# Thread: Lagranges Theorem question (Not sure if this is in the right section)

1. ## Lagranges Theorem question (Not sure if this is in the right section)

Let h be a subgroup of a group G of order 6. Show that if |H|=3 then every left coset of H is a right coset. Is this necessarily true if |H|=2?

I think this is a lagrane theorem question, I understand that they are asking me if H is a normal subgroup, but I am unsure how to prove this.
I have come across a proof in my notes saying that any subgroup of order 2 is normal, will this suffice for the second part of the question?
Thank you

2. Originally Posted by nlews
Let h be a subgroup of a group G of order 6. Show that if |H|=3 then every left coset of H is a right coset. Is this necessarily true if |H|=2?

I think this is a lagrane theorem question, I understand that they are asking me if H is a normal subgroup, but I am unsure how to prove this.
I have come across a proof in my notes saying that any subgroup of order 2 is normal, will this suffice for the second part of the question?
Thank you
Yes, this is the section of the forum you want!

I think you are getting a tad confused with order and index. The theorem from your notes should, I believe, be saying that every subgroup of index 2
is normal. A subgroup $H$ has index $n$ if $|G|/|H| = n$, where $|H|$ is, as I'm sure you know, the order (aka number of elements) of $H$.

Therefore, you have the first result, as the subgroup you are given has index two, and so is normal.

For the second result, which groups of order 6 do you know? There is one abelian one, but you can forget about this as every subgroup of an abelian group is normal. So, take your non-abelian group of order 6. Take an element of order 2 in it. Does this element generate a normal subgroup?
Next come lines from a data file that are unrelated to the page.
text \<open>Derivability in the modified Hoare logic. Premises P ==> Q are taken to be
 valid assertions (true in every state of N).\<close>
inductive derivable :: "('v, 'm) grn \<Rightarrow> ('v, 'm) assn \<Rightarrow> ('v, 'm) prog \<Rightarrow> ('v, 'm) assn \<Rightarrow> bool"
  for N :: "('v, 'm) grn" where
  d_inc: "derivable N (AAnd (PhiPlus N v) (asubst v (TPlus (TVar v) (TConst 1)) Q)) (Inc v) Q"
| d_dec: "derivable N (AAnd (PhiMinus N v) (asubst v (TMinus (TVar v) (TConst 1)) Q)) (Dec v) Q"
| d_assert: "derivable N (AAnd \<Phi> Q) (Assert \<Phi>) Q"
| d_forall: "derivable N P1 p1 Q \<Longrightarrow> derivable N P2 p2 Q \<Longrightarrow> derivable N (AAnd P1 P2) (Forall p1 p2) Q"
| d_exists: "derivable N P1 p1 Q \<Longrightarrow> derivable N P2 p2 Q \<Longrightarrow> derivable N (AOr P1 P2) (Exists p1 p2) Q"
| d_assign: "derivable N (asubst v (TConst (int k)) Q) (Assign v k) Q"
| d_seq: "derivable N P2 p2 Q \<Longrightarrow> derivable N P1 p1 P2 \<Longrightarrow> derivable N P1 (Seq p1 p2) Q"
| d_if: "derivable N P1 p1 Q \<Longrightarrow> derivable N P2 p2 Q \<Longrightarrow>
         derivable N (AOr (AAnd e P1) (AAnd (ANot e) P2)) (If e p1 p2) Q"
| d_while: "derivable N (AAnd e I) p I \<Longrightarrow> derivable N I (While e I p) (AAnd (ANot e) I)"
| d_empty: "valid N (AImp P Q) \<Longrightarrow> derivable N P Empty Q"

definition loops_terminate :: "('v, 'm) grn \<Rightarrow> ('v, 'm) prog \<Rightarrow> bool" where
  "loops_terminate N p \<longleftrightarrow>
     (\<forall>e I p0. While e I p0 \<in> subprogs p \<longrightarrow>
        \<not> (\<exists>s :: nat \<Rightarrow> 'v state. \<forall>i. is_state N (s i) \<and> asat N (s i) e \<and>
              (\<exists>E. sem N (s i) p0 E \<and> s (Suc i) \<in> E)))"

end

theory Submission
  imports Defs
begin

text \<open>For an increment of \<open>v\<close> at \<open>\<eta>\<close>, the precondition \<open>\<Phi>\<^sub>v\<^sup>+\<close> contains the implication
  \<open>\<Phi>\<^sub>v\<^sup>\<omega> \<Rightarrow> K(v, \<omega>) > v\<close> for \<open>\<omega> = \<rho>(\<eta>, v)\<close>, whose premise holds at \<open>\<eta>\<close>; hence
  \<open>\<eta>(v) < K(v, \<rho>(\<eta>, v))\<close> and the increment is a transition of the state graph (dually for
  decrements). Since \<open>K(v, \<omega>) \<le> b\<^sub>v\<close>, executions only reach states, so postconditions of
  subprograms can be fed to the next rule. The while rule follows by well-founded induction
  along single iterations of the loop body, which is exactly what the termination hypothesis
  provides.\<close>

lemma asat_BigAnd:
  assumes "finite S"
  shows "asat N \<eta> (BigAnd S f) \<longleftrightarrow> (\<forall>x\<in>S. asat N \<eta> (f x))"
proof -
  have foldr_sat: "asat N \<eta> (foldr (\<lambda>x a. AAnd (f x) a) xs atrue) \<longleftrightarrow> (\<forall>x\<in>set xs. asat N \<eta> (f x))"
    for xs by (induction xs) (auto simp: atrue_def)
  have "set (SOME xs. set xs = S \<and> distinct xs) = S"
    using someI_ex[OF finite_distinct_list[OF assms]] by blast
  then show ?thesis unfolding BigAnd_def foldr_sat by simp
qed

lemma asat_mf_assn [simp]: "asat N \<eta> (mf_assn f) \<longleftrightarrow> msat \<eta> f"
  by (induction f) auto

lemma tval_tsubst:
  "tval N \<eta> t \<ge> 0 \<Longrightarrow> tval N \<eta> (tsubst v t a) = tval N (\<eta>(v := nat (tval N \<eta> t))) a"
  by (induction a) auto

lemma asat_asubst:
  "tval N \<eta> t \<ge> 0 \<Longrightarrow> asat N \<eta> (asubst v t Q) \<longleftrightarrow> asat N (\<eta>(v := nat (tval N \<eta> t))) Q"
  by (induction Q) (auto simp: tval_tsubst)

lemma wf_grnD:
  assumes "wf_grn N"
  shows "finite (Mults N)" "EMV N \<subseteq> Mults N \<times> Vars N"
    and "v \<in> Vars N \<Longrightarrow> \<omega> \<subseteq> Ninv N v \<Longrightarrow> Kf N v \<omega> \<le> bnd N v"
  using assms unfolding wf_grn_def by simp_all

lemma finite_Ninv:
  assumes "wf_grn N"
  shows "finite (Ninv N v)"
proof (rule finite_subset)
  show "Ninv N v \<subseteq> Mults N" using wf_grnD(2)[OF assms] unfolding Ninv_def by blast
qed (rule wf_grnD(1)[OF assms])

lemma res_subset_Ninv: "res N \<eta> v \<subseteq> Ninv N v"
  by (auto simp: res_def)

lemma Kf_res_le_bnd: "wf_grn N \<Longrightarrow> v \<in> Vars N \<Longrightarrow> Kf N v (res N \<eta> v) \<le> bnd N v"
  by (rule wf_grnD(3)[OF _ _ res_subset_Ninv])

lemma asat_PhiW_res:
  assumes "wf_grn N"
  shows "asat N \<eta> (PhiW N v (res N \<eta> v))"
proof -
  have "finite (Ninv N v)" using assms by (rule finite_Ninv)
  then have "finite (res N \<eta> v)" "finite (Ninv N v - res N \<eta> v)"
    using finite_subset[OF res_subset_Ninv] by auto
  moreover have "\<forall>m\<in>res N \<eta> v. msat \<eta> (flat N m)"
    and "\<forall>m\<in>Ninv N v - res N \<eta> v. \<not> msat \<eta> (flat N m)"
    unfolding res_def by auto
  ultimately show ?thesis
    unfolding PhiW_def asat.simps by (simp only: asat_BigAnd asat_mf_assn asat.simps(6))
qed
3. Oh yes it does say index! That makes so much more sense for part one. Thank you.

for part 2)
The non abelian one would be D3.

4. Originally Posted by nlews
Oh yes it does say index! That makes so much more sense for part one. Thank you.

for part 2)
The non abelian one would be D3.
Yup. So, take some element of order 2 (just take the generating element of order 2, call it $\beta$). Is the subgroup that it generates normal? Look at the element $\alpha^{-1}\beta\alpha$ where $\alpha$ is the generating element of order 3.